As an administrator and an educator, I receive many emails every day and recently one stuck with me as I consider gift giving and birthday celebrations. We always feel like we need to buy the newest, best, greatest gadgets and to outdo ourselves from the year before. If your child is invited to birthday parties, this kind of thinking can be very expensive and blow the budget quickly.

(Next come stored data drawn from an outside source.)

lemma accelerated_gradient_step_bound:
  fixes g :: "'a::real_inner \<Rightarrow> real"
  assumes g_convex: "convex_on UNIV g"
    and g_grad: "\<And>u. (g has_derivative (\<lambda>v. G u \<bullet> v)) (at u)"
    and G_lip: "\<And>u v. norm (G u - G v) \<le> L * norm (u - v)"
    and y: "y = (1 - t) *\<^sub>R x + t *\<^sub>R z" and t: "t \<le> 1"
  shows "g ((1 - t) *\<^sub>R x + t *\<^sub>R w)
           \<le> (1 - t) * g x + t * (g y + G y \<bullet> (w - y)) + L * t\<^sup>2 / 2 * (norm (w - z))\<^sup>2"
proof -
  define x' where "x' = (1 - t) *\<^sub>R x + t *\<^sub>R w"
  have "x' - y = t *\<^sub>R (w - z)"
    by (simp add: x'_def y algebra_simps)
  then have "g x' \<le> g y + G y \<bullet> (x' - y) + L * t\<^sup>2 / 2 * (norm (w - z))\<^sup>2"
    using lipschitz_gradient_upper_bound[OF g_grad G_lip, of x' y] by (simp add: power_mult_distrib)
  also have "G y \<bullet> (x' - y) = (1 - t) * (G y \<bullet> (x - y)) + t * (G y \<bullet> (w - y))"
    by (simp add: x'_def algebra_simps inner_diff_right inner_add_right)
  finally show ?thesis
    using mult_left_mono[OF convex_gradient_inequality[OF g_convex g_grad, of y x], of "1 - t"] t
    by (simp add: x'_def algebra_simps)
qed

lemma theta_update:
  fixes t s :: real
  assumes t: "0 < t" and s: "s = (- (t\<^sup>2) + sqrt (t ^ 4 + 4 * t\<^sup>2)) / 2"
  shows "0 < s" "s < 1" "s\<^sup>2 = (1 - s) * t\<^sup>2"
proof -
  have "(t\<^sup>2)\<^sup>2 < t ^ 4 + 4 * t\<^sup>2"
    using t by (simp add: power_mult [symmetric])
  then show "0 < s"
    using s real_less_rsqrt by fastforce
  have "sqrt (t ^ 4 + 4 * t\<^sup>2) < sqrt ((2 + t\<^sup>2)\<^sup>2)"
    by (intro real_sqrt_less_mono) (simp add: power2_eq_square algebra_simps power4_eq_xxxx)
  then show "s < 1"
    using s by simp
  have "2 * s + t\<^sup>2 = sqrt (t ^ 4 + 4 * t\<^sup>2)"
    using s by simp
  then have "(2 * s + t\<^sup>2)\<^sup>2 = t ^ 4 + 4 * t\<^sup>2"
    by simp
  then show "s\<^sup>2 = (1 - s) * t\<^sup>2"
    by (simp add: power2_eq_square power4_eq_xxxx algebra_simps)
qed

This recent email was titled the “5 Best Toys of All Time” and was referencing this article. It mentions the following 5 items as the “best” are below:
Stick, Box, String, Cardboard Tube, Dirt
Being practical, and frugal, the first several gift giving occasions for my son, I told people not to buy him anything. He has more fun with the paper and the box than the toy that comes inside. We don’t need fancy electronics for children with all the noises that come with them. They simply like to create and build with simple materials we can find in any home or Montessori classroom.

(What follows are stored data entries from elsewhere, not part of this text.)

lemma embedding_reduct_blowup_fst_eq_iff:
  assumes "E \<noteq> Lt" and tour: "tournament E (reduct {E} T)"
    and k: "embedding k S (reduct {E} (blowup Lt prec T))" and x: "x \<in> univ S" and y: "y \<in> univ S"
  shows "fst (k x) = fst (k y) \<longleftrightarrow> [x, y] \<notin> rel S E \<and> [y, x] \<notin> rel S E"
proof -
  have "fst (k x) \<in> univ T" "fst (k y) \<in> univ T"
    using k x y unfolding embedding_def by auto
  then have "fst (k x) = fst (k y) \<longleftrightarrow>
      [fst (k x), fst (k y)] \<notin> rel T E \<and> [fst (k y), fst (k x)] \<notin> rel T E"
    using tournament_eq_iff[OF tour] by simp
  moreover have "[x, y] \<in> rel S E \<longleftrightarrow> [fst (k x), fst (k y)] \<in> rel T E"
    using embedding_reduct_blowup_rel_iff[OF assms(1) k, of "[x, y]" E] x y by simp
  moreover have "[y, x] \<in> rel S E \<longleftrightarrow> [fst (k y), fst (k x)] \<in> rel T E"
    using embedding_reduct_blowup_rel_iff[OF assms(1) k, of "[y, x]" E] x y by simp
  ultimately show ?thesis by simp
qed

lemma embeddings_reduct_blowup_same_fibres:
  assumes "E \<noteq> Lt" and "tournament E (reduct {E} T)"
    and "embedding k S (reduct {E} (blowup Lt prec T))" "embedding k' S (reduct {E} (blowup Lt prec T))"
    and "x \<in> univ S" "y \<in> univ S"
  shows "fst (k x) = fst (k y) \<longleftrightarrow> fst (k' x) = fst (k' y)"
  using embedding_reduct_blowup_fst_eq_iff[OF assms(1,2,3,5,6)]
    embedding_reduct_blowup_fst_eq_iff[OF assms(1,2,4,5,6)] by simp

definition fibre_rep :: "('b::wellorder \<Rightarrow> 'a \<times> 'c) \<Rightarrow> 'b set \<Rightarrow> 'b \<Rightarrow> 'b" where
  "fibre_rep k V a = (LEAST b. b \<in> V \<and> fst (k b) = fst (k a))"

In a Montessori classroom, our works are hands on and developed for children in a particular order and for certain ages. You see Montessori materials such as the Pink Tower in a Primary (3 to 6 year old) classroom and this work serves various purposes such as understanding big to small and strengthening gross motor and fine motor movement but is also a very simple material. The material consists of 10 cubes ranging from 1x1x1 centimeters to 10x10x10 centimeters. It is what we refer to as a self-correcting material; if it is put together in the wrong order, a child can visually see the order needs to be corrected. While this seems like a simple work, it can become more advanced by offering extensions such as combining it with the Brown Stairs. This same Pink Tower can be used to represent algebraic equations.